text \<open>Write \<open>g n\<close> for the Colless index of the maximally balanced tree with \<open>n\<close> leaves, so that
  \<open>g n = g \<lceil>n/2\<rceil> + g \<lfloor>n/2\<rfloor> + n mod 2\<close>. Splitting \<open>a\<close> and \<open>b\<close> into halves and regrouping
  them crosswise gives \<open>g (a + b) \<le> g a + g b + |a - b|\<close>, so \<open>g n\<close> is the minimal Colless index.
  Since \<open>g (2^k) = 0\<close>, \<open>g (2^k + 1) = k\<close>, \<open>g (2^k - 1) = k - 1\<close> and \<open>g x \<ge> k\<close> for
  \<open>2^k < x < 2^(k+1)\<close>, a root split with \<open>|a - b| \<ge> 2\<close> is strictly suboptimal when \<open>n\<close> is within
  one of a power of two; as the halves of such \<open>n\<close> are of the same kind, every optimal tree is then
  maximally balanced. Otherwise one of the halves of \<open>n\<close> is again not within one of a power of two,
  and induction supplies two optimal subtrees, unless \<open>n = 2 (2q + 1)\<close>, where the split
  \<open>2q + (2q + 2)\<close> is optimal as well. Finally, while the GFB process only merges balanced pairs,
  every tree size stays within one of a power of two and at most one of them is not a power of two,
  so a maximally balanced GFB tree has such a leaf count.\<close>

lemma natdist_sym: "natdist a b = natdist b a"
  by (simp add: natdist_def)

lemma natdist_le_1_halves:
  assumes "natdist a b \<le> 1"
  shows "(a = (a + b + 1) div 2 \<and> b = (a + b) div 2) \<or> (b = (a + b + 1) div 2 \<and> a = (a + b) div 2)"
  using assms unfolding natdist_def by (auto split: if_splits)

lemma leaves_pos: "1 \<le> leaves T"
  by (induction T) auto

lemma btree_iso_leaves: "btree_iso a b \<Longrightarrow> leaves a = leaves b"
  by (induction rule: btree_iso.induct) auto

lemma btree_iso_max_balanced: "btree_iso a b \<Longrightarrow> max_balanced a \<Longrightarrow> max_balanced b"
  by (induction rule: btree_iso.induct) (auto simp: btree_iso_leaves natdist_sym)

lemma btree_iso_trans: "btree_iso a b \<Longrightarrow> btree_iso b c \<Longrightarrow> btree_iso a c"
proof (induction arbitrary: c rule: btree_iso.induct)
  case iso_leaf
  then show ?case by simp
next
  case iso_same
  from iso_same.prems show ?case
    by cases (auto intro: btree_iso.intros iso_same.IH)
next
  case iso_swap
  from iso_swap.prems show ?case
    by cases (auto intro: btree_iso.intros iso_swap.IH)
qed

lemma not_btree_iso_Node_left:
  "\<not> btree_iso T1 T2 \<Longrightarrow> \<not> btree_iso (Node T1 X) (Node T2 X)"
  by (auto elim: btree_iso.cases intro: btree_iso_trans)

section \<open>The Colless index of maximally balanced trees\<close>

fun mb_colless :: "nat \<Rightarrow> nat" where
  "mb_colless n = (if n \<le> 1 then 0 else mb_colless ((n + 1) div 2) + mb_colless (n div 2) + n mod 2)"

declare mb_colless.simps [simp del]

lemma mb_colless_0_1 [simp]: "mb_colless 0 = 0" "mb_colless (Suc 0) = 0"
  by (simp_all add: mb_colless.simps)

lemma mb_colless_rec:
  "2 \<le> n \<Longrightarrow> mb_colless n = mb_colless ((n + 1) div 2) + mb_colless (n div 2) + n mod 2"
  by (simp add: mb_colless.simps)

lemma mb_colless_balanced:
  assumes "natdist a b \<le> 1" "2 \<le> a + b"
  shows "mb_colless (a + b) = mb_colless a + mb_colless b + natdist a b"
proof -
  have "natdist a b = (a + b) mod 2"
    using assms(1) unfolding natdist_def by (auto split: if_splits) presburger+
  then show ?thesis
    using natdist_le_1_halves[OF assms(1)] mb_colless_rec[OF assms(2)] by auto
qed

lemma mb_colless_double: "mb_colless (2 * p) = 2 * mb_colless p"
  using mb_colless_balanced[of p p] by (cases "p = 0") (auto simp: natdist_def mult_2)

lemma mb_colless_odd: "1 \<le> p \<Longrightarrow> mb_colless (2 * p + 1) = mb_colless (p + 1) + mb_colless p + 1"
  using mb_colless_balanced[of "p + 1" p] by (simp add: natdist_def mult_2)

lemma mb_colless_add_le_unbalanced:
  assumes IH: "\<And>x y. x + y < a + b \<Longrightarrow> mb_colless (x + y) \<le> mb_colless x + mb_colless y + natdist x y"
    and "1 \<le> a" "a + 2 \<le> b"
  shows "mb_colless (a + b) \<le> mb_colless a + mb_colless b + (b - a)"
proof -
  define a1 a2 b1 b2 where "a1 = (a + 1) div 2" "a2 = a div 2" "b1 = (b + 1) div 2" "b2 = b div 2"
  have halves: "a1 + a2 = a" "a2 \<le> a1" "a1 \<le> a2 + 1" "b1 + b2 = b" "b2 \<le> b1" "b1 \<le> b2 + 1" "a1 \<le> b2"
    using assms(3) unfolding a1_a2_b1_b2_def by linarith+
  have gb: "mb_colless b = mb_colless b1 + mb_colless b2 + b mod 2"
    using mb_colless_rec[of b] assms(3) unfolding a1_a2_b1_b2_def by simp
  have regroup: "mb_colless (a + b) = mb_colless (a1 + b2) + mb_colless (a2 + b1) + (a + b) mod 2"
  proof -
    have "natdist (a1 + b2) (a2 + b1) \<le> 1" "2 \<le> (a1 + b2) + (a2 + b1)"
      using halves assms(2) unfolding natdist_def by auto
    moreover have "natdist (a1 + b2) (a2 + b1) = (a + b) mod 2"
    proof -
      have "a1 = a2 + a mod 2" "b1 = b2 + b mod 2"
        unfolding a1_a2_b1_b2_def by presburger+
      moreover have "a mod 2 = 0 \<or> a mod 2 = 1" "b mod 2 = 0 \<or> b mod 2 = 1"
        by presburger+
      moreover have "(a + b) mod 2 = (a mod 2 + b mod 2) mod 2"
        by (simp add: mod_add_eq)
      ultimately show ?thesis
        by (auto simp: natdist_def)
    qed
    moreover have "(a1 + b2) + (a2 + b1) = a + b"
      using halves by simp
    ultimately show ?thesis
      using mb_colless_balanced[of "a1 + b2" "a2 + b1"] by simp
  qed
  have le1: "mb_colless (a1 + b2) \<le> mb_colless a1 + mb_colless b2 + (b2 - a1)"
    using IH[of a1 b2] halves assms(2) by (simp add: natdist_def)
  have parity: "(a + b) mod 2 \<le> a mod 2 + b mod 2"
    by presburger
  show ?thesis
  proof (cases "a = 1")
    case True
    then have "a1 = 1" "a mod 2 = 1" "mb_colless a1 = 0" "mb_colless (a2 + b1) = mb_colless b1"
      unfolding a1_a2_b1_b2_def by simp_all
    then show ?thesis
      using regroup le1 gb parity halves assms(3) by linarith
  next
    case False
    have ga: "mb_colless a = mb_colless a1 + mb_colless a2 + a mod 2"
      using mb_colless_rec[of a] False assms(2) unfolding a1_a2_b1_b2_def by simp
    have le2: "mb_colless (a2 + b1) \<le> mb_colless a2 + mb_colless b1 + (b1 - a2)"
      using IH[of a2 b1] halves assms(2) by (simp add: natdist_def)
    show ?thesis
      using regroup le1 le2 ga gb parity halves by linarith
  qed
qed

lemma mb_colless_add_le: "mb_colless (a + b) \<le> mb_colless a + mb_colless b + natdist a b"
proof (induction "a + b" arbitrary: a b rule: less_induct)
  case less
  have ordered: "mb_colless (x + y) \<le> mb_colless x + mb_colless y + natdist x y"
    if "x \<le> y" "x + y = a + b" for x y
  proof -
    consider "x = 0" | "1 \<le> x" "y \<le> x + 1" | "1 \<le> x" "x + 2 \<le> y"
      using that(1) by linarith
    then show ?thesis
    proof cases
      case 1
      then show ?thesis by simp
    next
      case 2
      then show ?thesis
        using mb_colless_balanced[of x y] that(1) by (simp add: natdist_def)
    next
      case 3
      then show ?thesis
        using mb_colless_add_le_unbalanced[of x y] less that by (simp add: natdist_def)
    qed
  qed
  show ?case
    using ordered[of a b] ordered[of b a] by (cases "a \<le> b") (auto simp: natdist_sym add.commute)
qed

fun mb_tree :: "nat \<Rightarrow> btree" where
  "mb_tree n = (if n \<le> 1 then Leaf else Node (mb_tree ((n + 1) div 2)) (mb_tree (n div 2)))"

declare mb_tree.simps [simp del]

lemma mb_tree_Leaf: "n \<le> 1 \<Longrightarrow> mb_tree n = Leaf"
  by (simp add: mb_tree.simps)

lemma mb_tree_rec: "2 \<le> n \<Longrightarrow> mb_tree n = Node (mb_tree ((n + 1) div 2)) (mb_tree (n div 2))"
  by (simp add: mb_tree.simps)

lemma leaves_mb_tree: "1 \<le> n \<Longrightarrow> leaves (mb_tree n) = n"
proof (induction n rule: mb_tree.induct)
  case (1 n)
  show ?case
  proof (cases "n = 1")
    case True
    then show ?thesis by (simp add: mb_tree_Leaf)
  next
    case False
    then have "2 \<le> n" "1 \<le> (n + 1) div 2" "1 \<le> n div 2"
      using "1.prems" by linarith+
    then show ?thesis
      using "1.IH" by (simp add: mb_tree_rec)
  qed
qed

lemma colless_mb_tree: "colless (mb_tree n) = mb_colless n"
proof (induction n rule: mb_tree.induct)
  case (1 n)
  show ?case
  proof (cases "n \<le> 1")
    case True
    then show ?thesis by (simp add: mb_tree_Leaf mb_colless.simps)
  next
    case False
    then have "2 \<le> n" "1 \<le> (n + 1) div 2" "1 \<le> n div 2"
      by linarith+
    moreover have "natdist ((n + 1) div 2) (n div 2) = n mod 2"
    proof -
      have "(n + 1) div 2 = n div 2 + n mod 2"
        by presburger
      then show ?thesis
        by (simp add: natdist_def)
    qed
    ultimately show ?thesis
      using "1.IH" False by (simp add: mb_tree_rec mb_colless_rec[of n] leaves_mb_tree)
  qed
qed

lemma mb_colless_le_colless: "mb_colless (leaves T) \<le> colless T"
proof (induction T)
  case (Node l r)
  then show ?case
    using mb_colless_add_le[of "leaves l" "leaves r"] by simp
qed simp

lemma colless_le_square: "colless T \<le> leaves T * leaves T"
proof (induction T)
  case (Node l r)
  have "natdist (leaves l) (leaves r) \<le> leaves l + leaves r"
    by (simp add: natdist_def le_diff_conv)
  moreover have "leaves l \<le> leaves l * leaves r" "leaves r \<le> leaves l * leaves r"
    using leaves_pos[of l] leaves_pos[of r] by simp_all
  ultimately have "natdist (leaves l) (leaves r) \<le> 2 * leaves l * leaves r"
    by linarith
  then show ?case
    using Node by (simp add: algebra_simps)
qed simp

lemma min_colless_eq_mb_colless:
  assumes "1 \<le> n"
  shows "min_colless n = mb_colless n"
  unfolding min_colless_def
proof (rule Min_eqI)
  show "finite {colless T |T. leaves T = n}"
    by (rule finite_subset[of _ "{..n * n}"]) (use colless_le_square in auto)
  show "mb_colless n \<in> {colless T |T. leaves T = n}"
    using leaves_mb_tree[OF assms] colless_mb_tree[of n] by force
qed (use mb_colless_le_colless in auto)

definition optimal :: "btree \<Rightarrow> bool" where
  "optimal T \<longleftrightarrow> colless T = mb_colless (leaves T)"

lemma optimal_mb_tree: "optimal (mb_tree n)"
  unfolding optimal_def
  by (cases "n = 0") (simp_all add: colless_mb_tree leaves_mb_tree mb_tree_Leaf)

lemma optimal_NodeD:
  assumes "optimal (Node l r)"
  shows "optimal l" "optimal r"
    and "mb_colless (leaves l + leaves r) = mb_colless (leaves l) + mb_colless (leaves r) + natdist (leaves l) (leaves r)"
  using assms mb_colless_le_colless[of l] mb_colless_le_colless[of r]
    mb_colless_add_le[of "leaves l" "leaves r"]
  unfolding optimal_def by simp_all

lemma optimal_Node_balanced:
  assumes "optimal l" "optimal r" "natdist (leaves l) (leaves r) \<le> 1"
  shows "optimal (Node l r)"
  using assms mb_colless_balanced[OF assms(3)] leaves_pos[of l] leaves_pos[of r]
  unfolding optimal_def by simp

section \<open>Leaf counts within one of a power of two\<close>

lemma pow2_eq_pow2_plus_1: "(2::nat)^j = 2^k + 1 \<Longrightarrow> k = 0"
proof (rule ccontr)
  assume eq: "(2::nat)^j = 2^k + 1" and "k \<noteq> 0"
  then have "odd ((2::nat)^j)"
    by simp
  then have "j = 0"
    by simp
  then show False
    using eq by simp
qed

definition near_pow2 :: "nat \<Rightarrow> bool" where
  "near_pow2 n \<longleftrightarrow> (\<exists>m\<ge>1. n \<in> {2^m - 1, 2^m, 2^m + 1})"

lemma near_pow2E:
  assumes "near_pow2 n"
  obtains (below) k where "n = 2 * 2^k - 1" | (exact) k where "n = 2 * 2^k" | (above) k where "n = 2 * 2^k + 1"
proof -
  obtain m where m: "1 \<le> m" "n \<in> {2^m - 1, 2^m, 2^m + 1}"
    using assms unfolding near_pow2_def by blast
  then obtain k where "m = Suc k"
    by (cases m) auto
  with m(2) have "n = 2 * 2^k - 1 \<or> n = 2 * 2^k \<or> n = 2 * 2^k + 1"
    by simp
  then show ?thesis
    using that by blast
qed

lemma near_pow2_pow: "near_pow2 (2^k)"
proof (cases k)
  case 0
  then show ?thesis
    unfolding near_pow2_def by (intro exI[of _ 1]) simp
next
  case (Suc j)
  then show ?thesis
    unfolding near_pow2_def by (intro exI[of _ k]) simp
qed

lemma near_pow2_pow_plus_1: "near_pow2 (2^k + 1)"
proof (cases k)
  case 0
  then show ?thesis
    using near_pow2_pow[of 1] by (simp add: numeral_2_eq_2)
next
  case (Suc j)
  then show ?thesis
    unfolding near_pow2_def by (intro exI[of _ k]) simp
qed

lemma near_pow2_pow_minus_1: "1 \<le> k \<Longrightarrow> near_pow2 (2^k - 1)"
  unfolding near_pow2_def by auto

lemma near_pow2_halves:
  assumes "near_pow2 n" "2 \<le> n"
  shows "near_pow2 ((n + 1) div 2)" "near_pow2 (n div 2)"
proof -
  have "near_pow2 ((n + 1) div 2) \<and> near_pow2 (n div 2)"
    using assms(1)
  proof (cases rule: near_pow2E)
    case (below k)
    with assms(2) have "1 \<le> k"
      by (cases k) auto
    moreover have "(n + 1) div 2 = 2^k" "n div 2 = 2^k - 1"
      using below by simp_all
    ultimately show ?thesis
      using near_pow2_pow near_pow2_pow_minus_1 by simp
  next
    case (exact k)
    then show ?thesis
      using near_pow2_pow by simp
  next
    case (above k)
    then show ?thesis
      using near_pow2_pow near_pow2_pow_plus_1 by simp
  qed
  then show "near_pow2 ((n + 1) div 2)" "near_pow2 (n div 2)"
    by simp_all
qed

lemma mb_colless_pow: "mb_colless (2^k) = 0"
  by (induction k) (simp_all add: mb_colless_double)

> PROBLEM STATEMENT
In the listing above, find the line with "by cases (auto intro: btree_iso.intros iso_swap.IH)" and the line with "by (auto elim: btree_iso.cases"; set down exactly those two lines and every line between them, nothing more.

> ANSWER BOX
    by cases (auto intro: btree_iso.intros iso_swap.IH)
qed

lemma not_btree_iso_Node_left:
  "\<not> btree_iso T1 T2 \<Longrightarrow> \<not> btree_iso (Node T1 X) (Node T2 X)"
  by (auto elim: btree_iso.cases intro: btree_iso_trans)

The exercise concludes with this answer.